PROBLEM DETAILS:
Print the data below exactly, but only the lines from the one containing "ldeg_pos_iff[OF fin] by auto" down to the one containing "by (auto simp: min_def)", inclusive.

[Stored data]

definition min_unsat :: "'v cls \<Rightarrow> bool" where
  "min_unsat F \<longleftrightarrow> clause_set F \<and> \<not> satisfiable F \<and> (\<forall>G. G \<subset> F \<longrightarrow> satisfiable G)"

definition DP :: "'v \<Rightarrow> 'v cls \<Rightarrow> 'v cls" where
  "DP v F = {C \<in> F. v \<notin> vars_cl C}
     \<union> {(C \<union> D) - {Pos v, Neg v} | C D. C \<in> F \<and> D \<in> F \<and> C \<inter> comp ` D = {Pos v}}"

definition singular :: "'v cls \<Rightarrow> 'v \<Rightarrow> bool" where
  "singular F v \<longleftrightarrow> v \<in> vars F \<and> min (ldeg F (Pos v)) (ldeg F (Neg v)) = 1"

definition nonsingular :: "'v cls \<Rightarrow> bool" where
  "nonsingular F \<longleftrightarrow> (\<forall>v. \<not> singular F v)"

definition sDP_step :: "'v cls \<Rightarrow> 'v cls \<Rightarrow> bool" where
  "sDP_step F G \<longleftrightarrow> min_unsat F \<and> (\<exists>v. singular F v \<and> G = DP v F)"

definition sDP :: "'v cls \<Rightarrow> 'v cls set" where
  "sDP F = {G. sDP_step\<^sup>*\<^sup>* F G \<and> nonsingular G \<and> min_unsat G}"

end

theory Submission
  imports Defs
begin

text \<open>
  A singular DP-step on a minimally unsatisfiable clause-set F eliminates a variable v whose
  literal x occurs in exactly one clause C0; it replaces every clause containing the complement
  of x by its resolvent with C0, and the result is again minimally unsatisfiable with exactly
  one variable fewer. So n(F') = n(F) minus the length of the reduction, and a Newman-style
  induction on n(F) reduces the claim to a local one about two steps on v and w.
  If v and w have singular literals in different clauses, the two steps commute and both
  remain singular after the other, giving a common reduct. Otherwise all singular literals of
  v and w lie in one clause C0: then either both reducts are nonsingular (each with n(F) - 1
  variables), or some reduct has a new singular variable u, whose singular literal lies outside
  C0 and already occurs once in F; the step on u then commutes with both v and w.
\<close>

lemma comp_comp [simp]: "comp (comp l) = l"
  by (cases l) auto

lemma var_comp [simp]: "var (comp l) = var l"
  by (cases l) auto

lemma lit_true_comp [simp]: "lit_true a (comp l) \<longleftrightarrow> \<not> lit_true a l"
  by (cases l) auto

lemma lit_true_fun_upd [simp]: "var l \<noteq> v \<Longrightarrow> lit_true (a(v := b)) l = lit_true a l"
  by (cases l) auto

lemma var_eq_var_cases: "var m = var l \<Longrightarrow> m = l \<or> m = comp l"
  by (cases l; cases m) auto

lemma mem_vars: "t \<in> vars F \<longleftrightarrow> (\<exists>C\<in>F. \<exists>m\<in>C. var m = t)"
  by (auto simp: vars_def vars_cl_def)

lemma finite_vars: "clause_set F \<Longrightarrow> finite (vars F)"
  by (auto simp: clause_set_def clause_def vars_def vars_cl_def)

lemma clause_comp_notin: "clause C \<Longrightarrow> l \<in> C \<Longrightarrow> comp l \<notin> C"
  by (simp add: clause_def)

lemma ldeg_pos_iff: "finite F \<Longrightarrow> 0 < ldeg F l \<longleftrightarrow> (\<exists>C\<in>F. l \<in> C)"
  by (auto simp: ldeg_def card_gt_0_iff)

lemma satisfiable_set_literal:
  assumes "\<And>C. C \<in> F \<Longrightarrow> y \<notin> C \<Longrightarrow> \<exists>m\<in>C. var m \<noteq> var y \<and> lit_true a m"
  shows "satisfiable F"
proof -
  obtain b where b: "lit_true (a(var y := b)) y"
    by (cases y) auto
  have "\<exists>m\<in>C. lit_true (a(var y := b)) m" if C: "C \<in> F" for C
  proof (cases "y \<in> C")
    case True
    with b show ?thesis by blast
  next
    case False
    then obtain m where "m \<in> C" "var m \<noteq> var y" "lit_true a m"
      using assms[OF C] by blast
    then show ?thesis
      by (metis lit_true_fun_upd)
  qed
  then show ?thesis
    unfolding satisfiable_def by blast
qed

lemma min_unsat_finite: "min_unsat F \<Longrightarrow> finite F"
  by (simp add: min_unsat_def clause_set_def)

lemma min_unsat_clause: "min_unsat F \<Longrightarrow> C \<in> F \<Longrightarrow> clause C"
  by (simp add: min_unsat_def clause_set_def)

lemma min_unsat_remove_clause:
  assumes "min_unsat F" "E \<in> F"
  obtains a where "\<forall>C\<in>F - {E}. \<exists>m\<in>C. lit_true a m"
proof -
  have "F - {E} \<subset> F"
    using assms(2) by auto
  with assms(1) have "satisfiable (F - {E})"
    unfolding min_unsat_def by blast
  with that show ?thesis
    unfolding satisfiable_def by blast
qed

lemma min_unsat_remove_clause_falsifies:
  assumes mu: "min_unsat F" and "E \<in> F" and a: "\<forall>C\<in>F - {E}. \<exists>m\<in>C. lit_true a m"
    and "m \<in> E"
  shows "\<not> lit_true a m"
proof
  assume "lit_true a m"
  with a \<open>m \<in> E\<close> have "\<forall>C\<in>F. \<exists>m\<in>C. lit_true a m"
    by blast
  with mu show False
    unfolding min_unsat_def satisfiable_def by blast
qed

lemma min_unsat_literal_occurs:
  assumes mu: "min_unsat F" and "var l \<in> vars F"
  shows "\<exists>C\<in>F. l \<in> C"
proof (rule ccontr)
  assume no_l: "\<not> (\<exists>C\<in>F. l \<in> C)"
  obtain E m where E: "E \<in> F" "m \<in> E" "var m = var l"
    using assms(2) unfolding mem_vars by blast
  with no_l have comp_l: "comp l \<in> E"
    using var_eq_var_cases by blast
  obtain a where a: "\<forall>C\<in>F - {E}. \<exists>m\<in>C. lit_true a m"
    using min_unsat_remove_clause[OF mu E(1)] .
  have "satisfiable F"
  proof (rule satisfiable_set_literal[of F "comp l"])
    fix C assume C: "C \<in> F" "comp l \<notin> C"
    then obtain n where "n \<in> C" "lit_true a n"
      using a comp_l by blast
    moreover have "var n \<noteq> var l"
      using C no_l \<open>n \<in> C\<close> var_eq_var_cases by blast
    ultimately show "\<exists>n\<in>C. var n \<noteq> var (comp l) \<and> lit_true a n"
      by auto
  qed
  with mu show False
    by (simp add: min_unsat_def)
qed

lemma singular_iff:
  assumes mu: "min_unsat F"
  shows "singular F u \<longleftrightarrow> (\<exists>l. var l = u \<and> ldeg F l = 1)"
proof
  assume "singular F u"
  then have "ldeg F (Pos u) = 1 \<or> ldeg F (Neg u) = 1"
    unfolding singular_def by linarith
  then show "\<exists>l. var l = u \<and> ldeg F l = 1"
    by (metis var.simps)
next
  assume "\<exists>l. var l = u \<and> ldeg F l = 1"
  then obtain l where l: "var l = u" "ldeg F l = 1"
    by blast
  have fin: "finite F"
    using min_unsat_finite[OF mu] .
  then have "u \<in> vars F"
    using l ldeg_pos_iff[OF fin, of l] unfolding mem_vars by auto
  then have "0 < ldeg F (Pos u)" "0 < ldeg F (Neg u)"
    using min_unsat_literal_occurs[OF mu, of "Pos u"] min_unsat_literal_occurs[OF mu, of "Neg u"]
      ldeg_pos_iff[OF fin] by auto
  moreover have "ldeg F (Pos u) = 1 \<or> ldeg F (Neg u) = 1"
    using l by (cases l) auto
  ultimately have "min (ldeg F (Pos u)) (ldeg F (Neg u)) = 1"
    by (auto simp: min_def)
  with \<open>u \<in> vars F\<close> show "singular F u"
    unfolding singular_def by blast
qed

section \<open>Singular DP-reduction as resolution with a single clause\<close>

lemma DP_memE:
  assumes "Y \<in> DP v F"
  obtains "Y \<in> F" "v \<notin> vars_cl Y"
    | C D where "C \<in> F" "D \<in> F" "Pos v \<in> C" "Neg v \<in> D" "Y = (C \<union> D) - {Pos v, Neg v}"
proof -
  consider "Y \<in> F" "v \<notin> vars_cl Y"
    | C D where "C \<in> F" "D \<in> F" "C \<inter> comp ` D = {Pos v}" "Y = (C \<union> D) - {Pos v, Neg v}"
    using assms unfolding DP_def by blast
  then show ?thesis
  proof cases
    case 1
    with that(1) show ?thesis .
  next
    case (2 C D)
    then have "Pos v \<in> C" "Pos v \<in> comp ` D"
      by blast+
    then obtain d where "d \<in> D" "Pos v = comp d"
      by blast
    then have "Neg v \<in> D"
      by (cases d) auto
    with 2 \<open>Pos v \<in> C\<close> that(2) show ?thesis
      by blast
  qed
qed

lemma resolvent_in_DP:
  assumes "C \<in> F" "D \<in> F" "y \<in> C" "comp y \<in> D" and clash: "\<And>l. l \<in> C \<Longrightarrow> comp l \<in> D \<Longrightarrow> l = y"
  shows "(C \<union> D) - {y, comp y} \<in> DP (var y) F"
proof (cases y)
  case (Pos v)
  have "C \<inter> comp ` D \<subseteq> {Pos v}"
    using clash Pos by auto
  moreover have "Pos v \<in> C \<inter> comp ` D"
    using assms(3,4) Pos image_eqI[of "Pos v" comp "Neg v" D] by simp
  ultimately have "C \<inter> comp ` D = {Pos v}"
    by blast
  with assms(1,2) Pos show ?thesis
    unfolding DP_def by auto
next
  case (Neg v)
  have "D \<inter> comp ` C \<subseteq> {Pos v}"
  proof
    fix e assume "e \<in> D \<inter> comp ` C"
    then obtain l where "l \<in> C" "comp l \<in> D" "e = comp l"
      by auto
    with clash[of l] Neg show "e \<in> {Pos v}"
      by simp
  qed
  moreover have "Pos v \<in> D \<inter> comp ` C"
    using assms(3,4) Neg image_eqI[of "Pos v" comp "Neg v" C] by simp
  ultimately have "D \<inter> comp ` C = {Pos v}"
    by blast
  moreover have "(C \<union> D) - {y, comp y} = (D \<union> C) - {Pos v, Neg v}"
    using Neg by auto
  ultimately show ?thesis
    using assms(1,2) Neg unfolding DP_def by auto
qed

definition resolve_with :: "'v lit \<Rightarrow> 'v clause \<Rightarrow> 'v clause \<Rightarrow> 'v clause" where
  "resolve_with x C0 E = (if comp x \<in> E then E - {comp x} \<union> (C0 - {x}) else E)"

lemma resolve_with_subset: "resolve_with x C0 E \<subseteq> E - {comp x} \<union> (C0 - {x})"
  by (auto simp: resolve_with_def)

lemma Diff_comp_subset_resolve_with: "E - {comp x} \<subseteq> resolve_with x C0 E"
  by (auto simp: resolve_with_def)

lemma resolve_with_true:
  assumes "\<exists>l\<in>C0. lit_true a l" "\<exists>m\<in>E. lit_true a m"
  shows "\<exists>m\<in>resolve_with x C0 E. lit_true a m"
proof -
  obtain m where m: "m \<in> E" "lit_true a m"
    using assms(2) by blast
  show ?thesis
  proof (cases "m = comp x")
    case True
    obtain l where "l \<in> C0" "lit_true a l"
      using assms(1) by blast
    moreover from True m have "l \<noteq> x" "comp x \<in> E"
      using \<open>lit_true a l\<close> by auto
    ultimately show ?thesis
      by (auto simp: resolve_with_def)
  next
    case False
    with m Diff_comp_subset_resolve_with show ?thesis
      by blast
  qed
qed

---

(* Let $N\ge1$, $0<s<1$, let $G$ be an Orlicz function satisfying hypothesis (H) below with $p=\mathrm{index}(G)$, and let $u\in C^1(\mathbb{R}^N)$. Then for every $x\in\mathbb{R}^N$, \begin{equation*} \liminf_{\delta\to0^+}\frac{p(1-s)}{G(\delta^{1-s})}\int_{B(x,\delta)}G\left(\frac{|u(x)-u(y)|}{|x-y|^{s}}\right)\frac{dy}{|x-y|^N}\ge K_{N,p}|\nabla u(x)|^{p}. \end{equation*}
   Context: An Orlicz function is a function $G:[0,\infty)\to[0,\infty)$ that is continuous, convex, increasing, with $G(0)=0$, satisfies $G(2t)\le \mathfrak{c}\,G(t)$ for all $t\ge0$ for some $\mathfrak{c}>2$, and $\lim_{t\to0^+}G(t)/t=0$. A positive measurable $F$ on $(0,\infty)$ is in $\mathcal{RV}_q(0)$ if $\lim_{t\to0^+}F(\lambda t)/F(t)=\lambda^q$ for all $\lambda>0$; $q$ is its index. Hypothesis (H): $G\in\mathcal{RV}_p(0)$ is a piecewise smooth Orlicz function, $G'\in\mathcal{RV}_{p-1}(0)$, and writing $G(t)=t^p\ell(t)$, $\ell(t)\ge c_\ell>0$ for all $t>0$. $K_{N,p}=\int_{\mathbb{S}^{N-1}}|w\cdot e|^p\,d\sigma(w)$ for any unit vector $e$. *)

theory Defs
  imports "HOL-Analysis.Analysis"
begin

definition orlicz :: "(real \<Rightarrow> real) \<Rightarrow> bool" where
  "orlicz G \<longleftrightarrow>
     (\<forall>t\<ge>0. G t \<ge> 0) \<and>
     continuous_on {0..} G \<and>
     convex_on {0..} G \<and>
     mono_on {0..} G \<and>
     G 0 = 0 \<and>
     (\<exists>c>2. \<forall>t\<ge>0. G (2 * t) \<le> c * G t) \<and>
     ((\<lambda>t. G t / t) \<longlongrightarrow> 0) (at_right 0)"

TASK RESULT:
      ldeg_pos_iff[OF fin] by auto
  moreover have "ldeg F (Pos u) = 1 \<or> ldeg F (Neg u) = 1"
    using l by (cases l) auto
  ultimately have "min (ldeg F (Pos u)) (ldeg F (Neg u)) = 1"
    by (auto simp: min_def)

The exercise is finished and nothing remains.